Notre Commission est aujourd'hui saisie de la proposition de résolution européenne, que j'ai déposée le 16 avril dernier en commission des Affaires européennes, sur la proposition de règlement relative à l'Agence de l'Union européenne pour la coopération judiciaire en matière pénale (Eurojust), présentée par la Commission européenne le 17 juillet 2013.
Créée par une décision du Conseil du 28 février 2002 et installé à La Haye, Eurojust a pour mission d'encourager et d'améliorer la coordination des enquêtes et des poursuites judiciaires entre les autorités compétentes des vingt-huit États membres de l'Union européenne en matière de criminalité organisée transfrontalière – trafic de stupéfiants, traite des êtres humains, immigration irrégulière, fraude, contrefaçon, blanchiment d'argent et terrorisme.
Actuellement, 350 personnes travaillent au sein de l'institution, dont 80 magistrats. En 2013, Eurojust a traité 1 576 affaires, contre 202 l'année de sa création, en 2002 : le nombre de dossiers a été multiplié par plus de sept en dix ans.

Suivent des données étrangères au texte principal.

lemma core_loser_zero:
  assumes val: "valid_CA N M v" and eff: "efficient_alloc N M v a"
    and "p \<in> core N M v" "j \<in> N" "j \<notin> winners N a"
  shows "p j = 0"
proof -
  have fin: "finite N" "finite M" using val unfolding valid_CA_def by auto
  have aj: "a j = {}" using assms(4,5) unfolding winners_def by auto
  have "wval M v N = (\<Sum>i\<in>N. v i (a i))" using eff unfolding efficient_alloc_def by simp
  also have "\<dots> = v j (a j) + (\<Sum>i\<in>N - {j}. v i (a i))" using fin assms(4) by (simp add: sum.remove)
  also have "\<dots> = (\<Sum>i\<in>N - {j}. v i (a i))" using val assms(4) aj unfolding valid_CA_def by auto
  also have "\<dots> \<le> wval M v (N - {j})"
    using eff fin by (intro alloc_value_le_wval) (auto simp: efficient_alloc_def feasible_alloc_def)
  finally have "p j \<le> 0" using core_le_marginal_value[OF assms(3) fin(1), of "N - {j}" j] assms(4) by auto
  then show ?thesis using assms(3,4) unfolding core_def by force
qed

lemma core_sum_lower_payments_le:
  assumes val: "valid_CA N M v" and eff: "efficient_alloc N M v a"
    and pc: "\<pi> \<in> core N M v" and iW: "i \<in> winners N a"
  shows "(\<Sum>k\<in>{k\<in>N - {i}. \<pi> k \<le> \<pi> i}. \<pi> k) \<le> (real (card (winners N a)) - 1) * \<pi> i"
proof -
  define B where "B = {k\<in>N - {i}. \<pi> k \<le> \<pi> i}"
  define W where "W = winners N a"
  have fin: "finite N" using val unfolding valid_CA_def by auto
  have fW: "finite W" using fin unfolding W_def winners_def by auto
  have "(\<Sum>k\<in>B. \<pi> k) = (\<Sum>k\<in>B \<inter> W. \<pi> k)"
    using fin core_loser_zero[OF val eff pc] unfolding B_def W_def
    by (intro sum.mono_neutral_right) auto
  also have "\<dots> \<le> real (card (B \<inter> W)) * \<pi> i" using sum_bounded_above[of "B \<inter> W" \<pi> "\<pi> i"]
    unfolding B_def by auto
  also have "\<dots> \<le> real (card (W - {i})) * \<pi> i"
  proof (rule mult_right_mono)
    show "real (card (B \<inter> W)) \<le> real (card (W - {i}))"
      using fW by (auto simp: B_def intro: card_mono)
    show "0 \<le> \<pi> i" using pc iW unfolding core_def W_def winners_def by auto
  qed
  also have "\<dots> = (real (card W) - 1) * \<pi> i"
  proof -
    have "1 \<le> card W" using fW iW unfolding W_def by (metis One_nat_def Suc_leI card_gt_0_iff empty_iff)
    then show ?thesis using fW iW unfolding W_def by (simp add: of_nat_diff)
  qed
  finally show ?thesis unfolding B_def W_def .
qed

lemma core_raise_winner:
  assumes val: "valid_CA N M v" and eff: "efficient_alloc N M v a"
    and \<pi>c: "\<pi> \<in> core N M v" and pc: "p \<in> core N M v" and iW: "i \<in> winners N a"
    and le: "\<pi> i \<le> c" and c_le: "real (card (winners N a)) * c \<le> p i"
  shows "(\<lambda>k. if k = i then c else if k \<in> N \<and> \<pi> k \<le> \<pi> i then \<pi> k else 0) \<in> core N M v"
    (is "?y \<in> _")
proof -
  define B where "B = {k\<in>N - {i}. \<pi> k \<le> \<pi> i}"
  have fin: "finite N" using val unfolding valid_CA_def by auto
  have iN: "i \<in> N" using iW unfolding winners_def by auto
  have \<pi>nn: "\<forall>k\<in>N. 0 \<le> \<pi> k" using \<pi>c unfolding core_def by auto
  have K: "1 \<le> real (card (winners N a))"
    using iW fin unfolding winners_def by (simp add: Suc_le_eq card_gt_0_iff) blast
  have "(\<Sum>k\<in>N - S. ?y k) \<le> wval M v N - wval M v S" if S: "S \<subseteq> N" for S
  proof (cases "i \<in> S")
    case True
    then have "(\<Sum>k\<in>N - S. ?y k) \<le> (\<Sum>k\<in>N - S. \<pi> k)" using \<pi>nn by (intro sum_mono) auto
    also have "\<dots> \<le> wval M v N - wval M v S" using \<pi>c S unfolding core_def by auto
    finally show ?thesis .
  next
    case False
    have "(\<Sum>k\<in>N - S - {i}. ?y k) \<le> (\<Sum>k\<in>N - {i}. ?y k)"
      using fin \<pi>nn le by (intro sum_mono2) auto
    also have "\<dots> = (\<Sum>k\<in>N - {i}. if \<pi> k \<le> \<pi> i then \<pi> k else 0)"
      by (intro sum.cong) auto
    also have "\<dots> = (\<Sum>k\<in>B. \<pi> k)"
      unfolding B_def by (rule sum.inter_filter[symmetric]) (use fin in simp)
    also have "\<dots> \<le> (real (card (winners N a)) - 1) * \<pi> i"
      unfolding B_def by (rule core_sum_lower_payments_le[OF val eff \<pi>c iW])
    also have "\<dots> \<le> (real (card (winners N a)) - 1) * c" using K le by (intro mult_left_mono) auto
    finally have "(\<Sum>k\<in>N - S. ?y k) \<le> c + (real (card (winners N a)) - 1) * c"
      using False iN fin by (simp add: sum.remove[of "N - S" i])
    also have "\<dots> \<le> p i" using c_le by (simp add: algebra_simps)
    also have "\<dots> \<le> wval M v N - wval M v S" using core_le_marginal_value[OF pc fin S] False iN by auto
    finally show ?thesis .
  qed
  then show ?thesis using \<pi>nn le iN unfolding core_def by auto
qed

section \<open>Leximin domination\<close>

lemma mset_map_sorted_list_of_set:
  "finite A \<Longrightarrow> mset (map x (sorted_list_of_set A)) = image_mset x (mset_set A)"
  by (metis mset_map mset_sorted_list_of_multiset sorted_list_of_mset_set)

lemma sorted_entries_split:
  fixes x :: "nat \<Rightarrow> real"
  assumes fin: "finite N" and iN: "i \<in> N" and BN: "B \<subseteq> N - {i}"
    and lo: "\<forall>k\<in>B. x k \<le> x i" and hi: "\<forall>k\<in>N - B - {i}. x i \<le> x k"
  shows "sorted_entries N x = sort (map x (sorted_list_of_set B)) @ [x i] @
            sort (map x (sorted_list_of_set (N - B - {i})))"
proof -
  have fB: "finite B" using fin BN finite_subset by blast
  have fC: "finite (N - B - {i})" using fin by simp
  have Neq: "N = B \<union> ({i} \<union> (N - B - {i}))" using iN BN by blast
  have "mset_set N = mset_set B + mset_set ({i} \<union> (N - B - {i}))"
    using fB fC BN by (subst Neq, subst mset_set_Union) auto
  also have "mset_set ({i} \<union> (N - B - {i})) = {#i#} + mset_set (N - B - {i})"
    using fC by (subst mset_set_Union) auto
  finally have ms: "mset_set N = mset_set B + ({#i#} + mset_set (N - B - {i}))" .
  show ?thesis unfolding sorted_entries_def
  proof (rule properties_for_sort)
    show "mset (sort (map x (sorted_list_of_set B)) @ [x i] @ sort (map x (sorted_list_of_set (N - B - {i}))))
        = mset (map x (sorted_list_of_set N))"
      using fin fB fC ms by (simp only: mset_append mset_map_sorted_list_of_set mset_sort) simp
    show "sorted (sort (map x (sorted_list_of_set B)) @ [x i] @ sort (map x (sorted_list_of_set (N - B - {i}))))"
      using lo hi fB fC by (auto simp: sorted_append intro: order_trans)
  qed
qed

L'organisation et le fonctionnement d'Eurojust sont aujourd'hui régis par la décision précitée du Conseil du 28 février 2002, telle que modifiée par la décision du Conseil du 16 décembre 2008. Or l'article 85 du Traité sur le fonctionnement de l'Union Européenne (TFUE) stipule qu'Eurojust a vocation à être régie par un règlement adopté conformément à la procédure législative ordinaire et que les co-législateurs fixent dans ce règlement la structure, le fonctionnement et le domaine d'action d'Eurojust.

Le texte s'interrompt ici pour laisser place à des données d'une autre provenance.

(* Let $a,b,c,d\in\mathbb{C}\setminus\{0\}$ and let $s$ be the polynomial vector field on $\mathbb{A}^2$ associated to the Lotka–Volterra system \[ X'=X(aY+b),\qquad Y'=Y(cX+d). \] If $b\neq d$, the only irreducible invariant curves of $s$ defined over $\mathbb{C}$ are $X=0$ and $Y=0$. If $b=d$, the only irreducible invariant curves of $s$ defined over $\mathbb{C}$ are $X=0$, $Y=0$ and $cX-aY=0$.
   Context: For $P\in\mathbb{C}[X,Y]$, the Lie derivative along $s$ is $\mathcal{L}_s(P)=X(aY+b)\,\partial P/\partial X+Y(cX+d)\,\partial P/\partial Y$. A nonzero polynomial $P$ is invariant if $P$ divides $\mathcal{L}_s(P)$; an (irreducible) invariant curve over $\mathbb{C}$ is the zero set of an (irreducible) invariant polynomial $P\in\mathbb{C}[X,Y]$. *)

theory Defs
  imports "HOL-Computational_Algebra.Polynomial_Factorial"
begin

text \<open>Bivariate polynomials C[X,Y] are represented as complex poly poly:
  polynomials in Y whose coefficients are polynomials in X.\<close>

type_synonym bipoly = "complex poly poly"

definition varX :: bipoly where "varX = [:[:0, 1:]:]"
definition varY :: bipoly where "varY = [:0, 1:]"
definition const2 :: "complex \<Rightarrow> bipoly" where "const2 z = [:[:z:]:]"

definition dX :: "bipoly \<Rightarrow> bipoly" where "dX P = map_poly pderiv P"
definition dY :: "bipoly \<Rightarrow> bipoly" where "dY P = pderiv P"

definition eval2 :: "bipoly \<Rightarrow> complex \<Rightarrow> complex \<Rightarrow> complex" where
  "eval2 P x y = poly (poly P [:y:]) x"

definition zero_set :: "bipoly \<Rightarrow> (complex \<times> complex) set" where
  "zero_set P = {(x, y). eval2 P x y = 0}"

definition lie_LV :: "complex \<Rightarrow> complex \<Rightarrow> complex \<Rightarrow> complex \<Rightarrow> bipoly \<Rightarrow> bipoly" where
  "lie_LV a b c d P =
     varX * (const2 a * varY + const2 b) * dX P + varY * (const2 c * varX + const2 d) * dY P"

definition invariant_LV :: "complex \<Rightarrow> complex \<Rightarrow> complex \<Rightarrow> complex \<Rightarrow> bipoly \<Rightarrow> bool" where
  "invariant_LV a b c d P \<longleftrightarrow> P \<noteq> 0 \<and> P dvd lie_LV a b c d P"

definition irr_inv_curves :: "complex \<Rightarrow> complex \<Rightarrow> complex \<Rightarrow> complex \<Rightarrow> (complex \<times> complex) set set" where
  "irr_inv_curves a b c d = {zero_set P | P. irreducible P \<and> invariant_LV a b c d P}"

end

theory Submission
  imports Defs
begin

text \<open>
  Write \<open>P = \<Sum>\<^sub>j p\<^sub>j(X) Y\<^sup>j\<close> and \<open>Lie P = K P\<close>. Unless \<open>Y\<close> or \<open>X\<close> divides \<open>P\<close>, comparing
  the top and the bottom \<open>Y\<close>-coefficients of this identity, and its restriction to \<open>X = 0\<close>
  (where the field becomes \<open>d Y \<partial>\<^sub>Y\<close>), forces the cofactor \<open>K\<close> to be a constant \<open>k\<close>.
  For a constant cofactor, \<open>p\<^sub>0\<close> is an eigenvector of \<open>b X \<partial>\<^sub>X\<close>, hence \<open>p\<^sub>0 = C X\<^sup>n\<close> with
  \<open>k = n b\<close>, and \<open>p\<^sub>j\<^sub>+\<^sub>1\<close> is determined by \<open>p\<^sub>j\<close> and has \<open>X\<close>-degree one less. So \<open>P\<close> is
  determined by \<open>p\<^sub>0\<close>, and the nonzero constant \<open>p\<^sub>n\<close> gives \<open>k = n d\<close>. Thus either \<open>n = 0\<close>
  and \<open>P\<close> is a unit, or \<open>b = d\<close>; then \<open>L = cX - aY\<close> satisfies \<open>Lie L = b L\<close>, so \<open>P\<close> is a
  constant multiple of \<open>L\<^sup>n\<close>, and irreducibility forces \<open>n = 1\<close>.
\<close>

lemma const2_0 [simp]: "const2 0 = 0"
  by (simp add: const2_def)

lemma is_unit_const2: "is_unit (const2 z) \<longleftrightarrow> z \<noteq> 0"
  by (simp add: const2_def is_unit_const_poly_iff dvd_field_iff)

lemma pderiv_sum: "pderiv (sum f A) = (\<Sum>x\<in>A. pderiv (f x))"
  using higher_pderiv_sum[of 1] by simp

lemma dX_diff: "dX (P - Q) = dX P - dX Q"
  unfolding dX_def by (rule poly_eqI) (simp add: coeff_map_poly pderiv_diff)

lemma dX_mult: "dX (P * Q) = dX P * Q + P * dX Q"
proof -
  have Leibniz: "pderiv (p * q) = pderiv p * q + p * pderiv q" for p q :: "complex poly"
    by (simp add: pderiv_mult algebra_simps)
  show ?thesis
    unfolding dX_def
    by (rule poly_eqI) (simp add: coeff_map_poly coeff_mult pderiv_sum Leibniz sum.distrib)
qed

lemma dY_diff: "dY (P - Q) = dY P - dY Q"
  unfolding dY_def by (simp add: pderiv_diff)

lemma dY_mult: "dY (P * Q) = dY P * Q + P * dY Q"
  unfolding dY_def by (simp add: pderiv_mult algebra_simps)

lemma dX_const2 [simp]: "dX (const2 z) = 0"
  unfolding dX_def const2_def by (simp add: map_poly_pCons)

lemma dY_const2 [simp]: "dY (const2 z) = 0"
  unfolding dY_def const2_def by simp

lemma dX_varX [simp]: "dX varX = 1"
  unfolding dX_def varX_def by (simp add: map_poly_pCons pderiv_pCons one_pCons)

lemma dY_varX [simp]: "dY varX = 0"
  unfolding dY_def varX_def by simp

lemma dX_varY [simp]: "dX varY = 0"
  unfolding dX_def varY_def by (simp add: map_poly_pCons)

lemma dY_varY [simp]: "dY varY = 1"
  unfolding dY_def varY_def by (simp add: pderiv_pCons one_pCons)

lemma lie_LV_diff: "lie_LV a b c d (P - Q) = lie_LV a b c d P - lie_LV a b c d Q"
  unfolding lie_LV_def by (simp add: dX_diff dY_diff algebra_simps)

lemma lie_LV_mult: "lie_LV a b c d (P * Q) = lie_LV a b c d P * Q + P * lie_LV a b c d Q"
  unfolding lie_LV_def by (simp add: dX_mult dY_mult algebra_simps)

C'est dans ce cadre que s'inscrit la proposition de résolution européenne que nous examinons aujourd'hui. En effet, la proposition de règlement déposée par la Commission européenne le 17 juillet 2013, et qui devrait succéder à la décision précitée du Conseil du 28 février 2002, vise à transformer Eurojust en une agence de l'Union européenne, dotée d'une nouvelle gouvernance. Elle apporte également des modifications aux prérogatives des membres nationaux d'Eurojust et définit les modalités selon lesquelles le Parlement européen et les parlements nationaux sont associés à l'évaluation des activités de l'Agence.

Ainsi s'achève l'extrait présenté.